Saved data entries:
=== Section Start ===

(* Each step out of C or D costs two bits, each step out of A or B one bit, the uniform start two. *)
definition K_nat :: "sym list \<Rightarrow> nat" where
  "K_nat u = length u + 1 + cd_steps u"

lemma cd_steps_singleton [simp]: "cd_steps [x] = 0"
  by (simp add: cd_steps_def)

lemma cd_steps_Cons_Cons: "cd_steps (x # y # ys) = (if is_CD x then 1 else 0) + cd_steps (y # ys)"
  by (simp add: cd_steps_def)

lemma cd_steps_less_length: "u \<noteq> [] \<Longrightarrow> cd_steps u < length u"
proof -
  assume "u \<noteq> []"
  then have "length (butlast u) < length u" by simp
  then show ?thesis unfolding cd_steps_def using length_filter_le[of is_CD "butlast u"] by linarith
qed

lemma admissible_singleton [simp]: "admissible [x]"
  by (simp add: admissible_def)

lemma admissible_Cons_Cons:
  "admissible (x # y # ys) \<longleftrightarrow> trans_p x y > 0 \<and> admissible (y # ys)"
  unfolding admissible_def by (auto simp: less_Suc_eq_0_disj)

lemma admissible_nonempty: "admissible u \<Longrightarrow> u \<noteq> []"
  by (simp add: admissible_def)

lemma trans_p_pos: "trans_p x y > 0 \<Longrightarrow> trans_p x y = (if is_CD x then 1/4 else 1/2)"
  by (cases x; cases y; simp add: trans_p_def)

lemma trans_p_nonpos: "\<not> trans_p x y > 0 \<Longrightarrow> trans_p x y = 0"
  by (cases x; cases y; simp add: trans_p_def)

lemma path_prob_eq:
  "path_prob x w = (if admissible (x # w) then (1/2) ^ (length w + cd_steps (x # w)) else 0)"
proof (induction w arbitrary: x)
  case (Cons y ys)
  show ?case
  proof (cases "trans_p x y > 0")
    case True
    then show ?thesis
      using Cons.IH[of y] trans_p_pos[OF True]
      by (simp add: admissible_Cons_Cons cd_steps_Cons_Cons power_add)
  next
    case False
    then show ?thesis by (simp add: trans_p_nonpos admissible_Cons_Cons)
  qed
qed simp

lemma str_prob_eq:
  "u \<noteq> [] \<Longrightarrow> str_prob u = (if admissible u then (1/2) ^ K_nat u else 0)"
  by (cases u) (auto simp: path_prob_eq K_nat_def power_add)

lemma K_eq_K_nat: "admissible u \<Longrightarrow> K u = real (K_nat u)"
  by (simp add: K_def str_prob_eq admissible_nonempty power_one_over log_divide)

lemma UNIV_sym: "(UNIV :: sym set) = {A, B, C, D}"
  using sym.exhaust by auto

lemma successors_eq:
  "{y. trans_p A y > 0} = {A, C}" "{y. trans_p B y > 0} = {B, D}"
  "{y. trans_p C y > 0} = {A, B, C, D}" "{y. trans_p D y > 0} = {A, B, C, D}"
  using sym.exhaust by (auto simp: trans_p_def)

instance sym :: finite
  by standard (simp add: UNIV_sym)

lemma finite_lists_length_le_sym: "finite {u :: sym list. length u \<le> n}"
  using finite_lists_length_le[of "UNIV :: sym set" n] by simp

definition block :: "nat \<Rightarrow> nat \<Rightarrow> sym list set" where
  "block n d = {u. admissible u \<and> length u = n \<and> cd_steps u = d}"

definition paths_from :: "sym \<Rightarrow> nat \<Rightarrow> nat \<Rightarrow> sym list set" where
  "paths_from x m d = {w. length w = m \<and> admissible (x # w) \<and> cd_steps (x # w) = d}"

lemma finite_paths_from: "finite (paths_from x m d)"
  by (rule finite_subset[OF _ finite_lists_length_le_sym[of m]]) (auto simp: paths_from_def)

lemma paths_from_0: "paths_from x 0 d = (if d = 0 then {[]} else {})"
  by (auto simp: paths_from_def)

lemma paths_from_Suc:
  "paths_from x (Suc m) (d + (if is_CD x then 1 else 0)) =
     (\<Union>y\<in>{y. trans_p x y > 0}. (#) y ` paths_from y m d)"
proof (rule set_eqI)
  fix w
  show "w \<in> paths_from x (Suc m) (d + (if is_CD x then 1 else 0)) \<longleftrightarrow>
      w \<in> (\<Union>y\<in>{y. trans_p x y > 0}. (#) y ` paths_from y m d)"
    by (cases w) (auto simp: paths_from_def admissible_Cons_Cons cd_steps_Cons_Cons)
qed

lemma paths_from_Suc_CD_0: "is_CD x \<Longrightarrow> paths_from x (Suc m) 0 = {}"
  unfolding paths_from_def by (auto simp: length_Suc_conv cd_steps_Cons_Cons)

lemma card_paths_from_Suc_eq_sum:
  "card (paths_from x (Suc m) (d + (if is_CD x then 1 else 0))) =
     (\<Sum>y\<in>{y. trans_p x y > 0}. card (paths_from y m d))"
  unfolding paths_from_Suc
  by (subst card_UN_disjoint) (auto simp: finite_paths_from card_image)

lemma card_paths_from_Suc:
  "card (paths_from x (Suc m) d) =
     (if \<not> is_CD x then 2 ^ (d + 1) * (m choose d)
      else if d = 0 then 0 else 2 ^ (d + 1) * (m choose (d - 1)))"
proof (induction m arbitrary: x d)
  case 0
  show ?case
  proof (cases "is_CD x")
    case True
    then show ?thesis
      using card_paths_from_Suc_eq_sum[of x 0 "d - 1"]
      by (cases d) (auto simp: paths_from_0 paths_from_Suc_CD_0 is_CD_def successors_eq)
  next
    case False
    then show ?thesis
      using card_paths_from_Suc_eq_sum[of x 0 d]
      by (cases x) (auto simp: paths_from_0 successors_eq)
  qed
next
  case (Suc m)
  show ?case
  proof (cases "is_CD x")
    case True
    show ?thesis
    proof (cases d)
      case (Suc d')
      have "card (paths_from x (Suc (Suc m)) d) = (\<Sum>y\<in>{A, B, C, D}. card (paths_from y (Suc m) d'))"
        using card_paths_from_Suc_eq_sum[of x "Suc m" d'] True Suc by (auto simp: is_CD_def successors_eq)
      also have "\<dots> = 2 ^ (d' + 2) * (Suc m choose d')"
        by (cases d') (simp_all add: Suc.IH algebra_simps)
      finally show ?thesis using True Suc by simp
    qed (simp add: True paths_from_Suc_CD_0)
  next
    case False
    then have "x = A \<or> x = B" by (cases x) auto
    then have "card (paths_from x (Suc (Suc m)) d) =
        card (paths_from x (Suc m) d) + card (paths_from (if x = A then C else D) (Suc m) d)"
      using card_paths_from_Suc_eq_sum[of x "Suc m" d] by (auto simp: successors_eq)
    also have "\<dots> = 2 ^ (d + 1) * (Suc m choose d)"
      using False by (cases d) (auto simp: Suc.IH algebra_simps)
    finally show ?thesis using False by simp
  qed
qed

=== Section End ===
=== Section Start ===

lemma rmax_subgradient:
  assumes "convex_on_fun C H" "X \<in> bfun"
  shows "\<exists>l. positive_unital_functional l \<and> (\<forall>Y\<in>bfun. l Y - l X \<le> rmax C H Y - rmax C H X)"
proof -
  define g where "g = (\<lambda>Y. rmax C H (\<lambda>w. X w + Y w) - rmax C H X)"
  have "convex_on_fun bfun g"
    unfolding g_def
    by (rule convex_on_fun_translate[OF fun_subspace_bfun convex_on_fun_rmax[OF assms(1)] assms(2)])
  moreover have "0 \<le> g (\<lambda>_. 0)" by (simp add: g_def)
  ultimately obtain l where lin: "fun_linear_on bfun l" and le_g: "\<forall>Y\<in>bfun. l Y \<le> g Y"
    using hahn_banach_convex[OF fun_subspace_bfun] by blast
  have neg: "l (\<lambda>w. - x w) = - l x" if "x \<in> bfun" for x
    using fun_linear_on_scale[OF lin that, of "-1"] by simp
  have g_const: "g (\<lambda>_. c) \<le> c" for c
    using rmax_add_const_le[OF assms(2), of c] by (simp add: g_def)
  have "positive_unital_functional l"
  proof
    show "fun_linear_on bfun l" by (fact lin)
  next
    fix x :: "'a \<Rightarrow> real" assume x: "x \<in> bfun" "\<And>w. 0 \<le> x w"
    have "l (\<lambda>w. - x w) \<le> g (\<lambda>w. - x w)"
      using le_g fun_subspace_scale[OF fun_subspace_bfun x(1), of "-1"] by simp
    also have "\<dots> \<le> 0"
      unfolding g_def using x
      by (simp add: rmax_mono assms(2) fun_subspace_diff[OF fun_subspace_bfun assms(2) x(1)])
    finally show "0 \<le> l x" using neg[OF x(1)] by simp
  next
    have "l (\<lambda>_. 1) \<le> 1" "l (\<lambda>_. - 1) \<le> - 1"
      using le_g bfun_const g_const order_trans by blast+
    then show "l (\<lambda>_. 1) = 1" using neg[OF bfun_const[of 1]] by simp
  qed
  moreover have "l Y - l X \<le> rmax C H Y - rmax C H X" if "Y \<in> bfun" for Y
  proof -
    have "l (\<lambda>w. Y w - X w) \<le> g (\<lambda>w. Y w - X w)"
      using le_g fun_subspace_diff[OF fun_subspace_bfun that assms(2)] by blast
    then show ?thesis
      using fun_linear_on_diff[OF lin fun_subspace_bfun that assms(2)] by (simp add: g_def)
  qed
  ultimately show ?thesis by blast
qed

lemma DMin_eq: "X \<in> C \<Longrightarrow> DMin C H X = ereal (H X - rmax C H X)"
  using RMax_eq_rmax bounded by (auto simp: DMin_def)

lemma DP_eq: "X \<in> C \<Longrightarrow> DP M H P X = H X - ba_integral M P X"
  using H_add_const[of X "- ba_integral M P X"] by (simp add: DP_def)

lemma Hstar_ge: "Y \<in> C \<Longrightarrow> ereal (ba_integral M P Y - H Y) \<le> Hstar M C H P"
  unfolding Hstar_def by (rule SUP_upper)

=== Section End ===
=== Section Start ===

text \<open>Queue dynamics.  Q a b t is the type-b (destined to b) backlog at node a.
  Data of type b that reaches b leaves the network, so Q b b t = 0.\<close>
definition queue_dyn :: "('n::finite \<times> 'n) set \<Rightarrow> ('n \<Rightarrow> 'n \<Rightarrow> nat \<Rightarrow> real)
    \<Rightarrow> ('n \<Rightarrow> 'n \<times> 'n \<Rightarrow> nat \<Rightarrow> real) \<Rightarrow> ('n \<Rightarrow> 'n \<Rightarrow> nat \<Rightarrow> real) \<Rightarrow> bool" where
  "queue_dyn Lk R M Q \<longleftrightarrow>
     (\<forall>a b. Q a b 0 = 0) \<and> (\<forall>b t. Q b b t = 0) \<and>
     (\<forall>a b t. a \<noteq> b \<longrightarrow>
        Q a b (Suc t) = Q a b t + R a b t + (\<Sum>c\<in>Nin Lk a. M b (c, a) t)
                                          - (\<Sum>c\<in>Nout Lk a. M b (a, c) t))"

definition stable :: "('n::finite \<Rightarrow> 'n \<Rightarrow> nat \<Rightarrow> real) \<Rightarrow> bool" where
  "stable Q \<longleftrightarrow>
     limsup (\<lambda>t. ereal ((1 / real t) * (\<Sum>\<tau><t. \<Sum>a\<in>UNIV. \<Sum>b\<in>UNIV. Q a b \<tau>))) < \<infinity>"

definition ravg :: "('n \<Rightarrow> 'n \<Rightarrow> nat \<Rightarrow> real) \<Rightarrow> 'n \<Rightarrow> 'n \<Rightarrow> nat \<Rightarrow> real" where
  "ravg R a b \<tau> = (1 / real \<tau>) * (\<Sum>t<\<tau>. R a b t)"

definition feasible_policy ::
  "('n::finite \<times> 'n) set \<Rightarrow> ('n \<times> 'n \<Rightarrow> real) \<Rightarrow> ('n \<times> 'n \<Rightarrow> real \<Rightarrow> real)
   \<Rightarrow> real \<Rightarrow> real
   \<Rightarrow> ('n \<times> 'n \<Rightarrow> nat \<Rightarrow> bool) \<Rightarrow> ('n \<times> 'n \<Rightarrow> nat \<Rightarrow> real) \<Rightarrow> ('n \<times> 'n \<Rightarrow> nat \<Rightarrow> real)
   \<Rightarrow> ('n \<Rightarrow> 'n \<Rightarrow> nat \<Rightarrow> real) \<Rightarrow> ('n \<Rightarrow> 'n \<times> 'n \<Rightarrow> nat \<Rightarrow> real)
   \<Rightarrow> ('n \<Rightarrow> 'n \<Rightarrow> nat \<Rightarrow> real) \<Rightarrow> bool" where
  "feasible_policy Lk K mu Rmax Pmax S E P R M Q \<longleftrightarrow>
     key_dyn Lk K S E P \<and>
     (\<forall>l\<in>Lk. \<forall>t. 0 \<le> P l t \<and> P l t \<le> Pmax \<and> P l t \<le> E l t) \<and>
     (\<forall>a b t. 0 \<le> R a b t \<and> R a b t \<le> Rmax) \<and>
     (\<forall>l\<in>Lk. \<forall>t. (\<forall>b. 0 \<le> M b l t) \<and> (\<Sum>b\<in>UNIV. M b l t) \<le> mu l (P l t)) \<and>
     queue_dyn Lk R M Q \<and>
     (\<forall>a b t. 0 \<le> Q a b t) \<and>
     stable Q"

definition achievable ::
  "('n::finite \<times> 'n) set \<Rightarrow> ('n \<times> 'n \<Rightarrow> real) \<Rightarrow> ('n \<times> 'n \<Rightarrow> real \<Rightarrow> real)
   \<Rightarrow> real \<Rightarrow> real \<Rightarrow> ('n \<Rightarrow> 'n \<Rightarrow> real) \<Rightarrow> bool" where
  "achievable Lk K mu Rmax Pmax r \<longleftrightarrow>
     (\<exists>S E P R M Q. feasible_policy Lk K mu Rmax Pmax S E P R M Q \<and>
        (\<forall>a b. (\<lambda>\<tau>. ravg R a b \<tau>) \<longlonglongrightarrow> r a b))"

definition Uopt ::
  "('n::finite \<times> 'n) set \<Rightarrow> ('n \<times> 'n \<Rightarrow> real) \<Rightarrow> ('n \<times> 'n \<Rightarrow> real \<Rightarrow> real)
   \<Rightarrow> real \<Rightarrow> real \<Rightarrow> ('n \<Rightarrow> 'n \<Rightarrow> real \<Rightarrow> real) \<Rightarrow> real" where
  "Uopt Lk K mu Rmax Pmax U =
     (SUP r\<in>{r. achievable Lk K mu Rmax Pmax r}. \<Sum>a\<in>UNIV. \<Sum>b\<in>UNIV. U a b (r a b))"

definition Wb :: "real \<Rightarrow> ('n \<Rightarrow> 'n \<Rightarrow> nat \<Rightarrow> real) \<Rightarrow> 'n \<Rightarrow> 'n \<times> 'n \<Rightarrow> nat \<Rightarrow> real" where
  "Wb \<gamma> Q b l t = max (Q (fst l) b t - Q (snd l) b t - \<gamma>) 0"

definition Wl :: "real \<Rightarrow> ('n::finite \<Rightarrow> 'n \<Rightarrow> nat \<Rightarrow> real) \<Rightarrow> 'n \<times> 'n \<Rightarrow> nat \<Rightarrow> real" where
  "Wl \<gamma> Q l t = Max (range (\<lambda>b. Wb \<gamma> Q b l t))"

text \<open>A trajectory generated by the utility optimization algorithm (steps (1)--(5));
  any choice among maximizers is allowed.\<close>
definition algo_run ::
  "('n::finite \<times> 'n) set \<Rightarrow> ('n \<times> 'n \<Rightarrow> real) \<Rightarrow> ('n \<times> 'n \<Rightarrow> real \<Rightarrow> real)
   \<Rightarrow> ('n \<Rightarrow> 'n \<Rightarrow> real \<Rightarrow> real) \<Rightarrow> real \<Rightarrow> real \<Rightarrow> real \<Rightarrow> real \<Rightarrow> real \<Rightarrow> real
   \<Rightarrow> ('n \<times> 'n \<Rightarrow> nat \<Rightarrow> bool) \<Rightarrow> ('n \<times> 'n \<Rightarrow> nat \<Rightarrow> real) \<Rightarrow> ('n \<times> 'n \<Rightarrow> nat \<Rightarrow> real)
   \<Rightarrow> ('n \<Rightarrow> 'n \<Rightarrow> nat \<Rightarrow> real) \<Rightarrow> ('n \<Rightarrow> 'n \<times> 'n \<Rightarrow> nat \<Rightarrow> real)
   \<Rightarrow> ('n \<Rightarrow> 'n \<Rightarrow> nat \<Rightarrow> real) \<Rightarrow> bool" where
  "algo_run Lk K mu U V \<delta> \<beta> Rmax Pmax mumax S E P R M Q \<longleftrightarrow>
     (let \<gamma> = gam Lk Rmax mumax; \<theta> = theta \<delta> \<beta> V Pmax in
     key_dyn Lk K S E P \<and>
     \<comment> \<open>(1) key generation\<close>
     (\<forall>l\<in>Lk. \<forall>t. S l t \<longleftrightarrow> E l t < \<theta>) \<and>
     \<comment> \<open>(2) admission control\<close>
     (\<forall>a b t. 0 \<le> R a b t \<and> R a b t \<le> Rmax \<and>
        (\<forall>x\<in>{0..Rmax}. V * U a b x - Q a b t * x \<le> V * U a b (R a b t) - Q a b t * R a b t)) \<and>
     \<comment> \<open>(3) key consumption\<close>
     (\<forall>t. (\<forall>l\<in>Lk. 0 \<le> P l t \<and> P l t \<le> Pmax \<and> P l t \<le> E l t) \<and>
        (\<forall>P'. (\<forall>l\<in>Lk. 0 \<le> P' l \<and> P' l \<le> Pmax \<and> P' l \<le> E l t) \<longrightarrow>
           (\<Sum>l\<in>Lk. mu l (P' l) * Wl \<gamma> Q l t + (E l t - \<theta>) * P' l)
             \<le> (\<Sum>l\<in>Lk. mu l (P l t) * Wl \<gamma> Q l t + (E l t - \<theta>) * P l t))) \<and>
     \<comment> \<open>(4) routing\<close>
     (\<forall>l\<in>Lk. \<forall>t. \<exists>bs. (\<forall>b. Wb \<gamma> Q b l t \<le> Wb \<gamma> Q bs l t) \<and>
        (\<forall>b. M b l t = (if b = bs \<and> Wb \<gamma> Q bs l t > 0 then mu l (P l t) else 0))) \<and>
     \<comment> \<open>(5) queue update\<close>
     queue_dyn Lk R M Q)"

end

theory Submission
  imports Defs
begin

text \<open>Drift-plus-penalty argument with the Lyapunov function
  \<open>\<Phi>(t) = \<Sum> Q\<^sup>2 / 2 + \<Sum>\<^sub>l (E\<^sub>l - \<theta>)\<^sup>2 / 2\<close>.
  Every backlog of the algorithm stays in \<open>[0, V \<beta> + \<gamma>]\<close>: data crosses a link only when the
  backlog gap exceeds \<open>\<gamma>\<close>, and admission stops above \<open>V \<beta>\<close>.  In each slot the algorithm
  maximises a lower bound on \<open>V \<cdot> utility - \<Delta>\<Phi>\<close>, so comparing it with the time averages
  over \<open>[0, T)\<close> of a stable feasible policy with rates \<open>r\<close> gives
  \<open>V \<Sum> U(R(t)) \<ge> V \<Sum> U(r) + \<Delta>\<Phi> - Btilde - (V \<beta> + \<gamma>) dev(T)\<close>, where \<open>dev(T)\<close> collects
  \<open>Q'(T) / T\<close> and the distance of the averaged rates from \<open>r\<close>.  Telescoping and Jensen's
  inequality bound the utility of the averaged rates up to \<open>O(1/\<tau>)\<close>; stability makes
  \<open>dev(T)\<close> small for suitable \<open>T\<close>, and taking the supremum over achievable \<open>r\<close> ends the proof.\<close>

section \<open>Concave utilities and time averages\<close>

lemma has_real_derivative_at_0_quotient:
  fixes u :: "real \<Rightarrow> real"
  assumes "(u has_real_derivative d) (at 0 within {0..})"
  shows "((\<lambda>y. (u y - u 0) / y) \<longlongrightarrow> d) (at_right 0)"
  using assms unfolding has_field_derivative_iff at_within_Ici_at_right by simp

=== Section End ===

| Task prompt |
Read through the entries above and copy each line that has the string "lambda" in it.

| Exercise result |
  define g where "g = (\<lambda>Y. rmax C H (\<lambda>w. X w + Y w) - rmax C H X)"
  moreover have "0 \<le> g (\<lambda>_. 0)" by (simp add: g_def)
  have neg: "l (\<lambda>w. - x w) = - l x" if "x \<in> bfun" for x
  have g_const: "g (\<lambda>_. c) \<le> c" for c
    have "l (\<lambda>w. - x w) \<le> g (\<lambda>w. - x w)"
    have "l (\<lambda>_. 1) \<le> 1" "l (\<lambda>_. - 1) \<le> - 1"
    then show "l (\<lambda>_. 1) = 1" using neg[OF bfun_const[of 1]] by simp
    have "l (\<lambda>w. Y w - X w) \<le> g (\<lambda>w. Y w - X w)"
     limsup (\<lambda>t. ereal ((1 / real t) * (\<Sum>\<tau><t. \<Sum>a\<in>UNIV. \<Sum>b\<in>UNIV. Q a b \<tau>))) < \<infinity>"
        (\<forall>a b. (\<lambda>\<tau>. ravg R a b \<tau>) \<longlonglongrightarrow> r a b))"
  "Wl \<gamma> Q l t = Max (range (\<lambda>b. Wb \<gamma> Q b l t))"
  shows "((\<lambda>y. (u y - u 0) / y) \<longlongrightarrow> d) (at_right 0)"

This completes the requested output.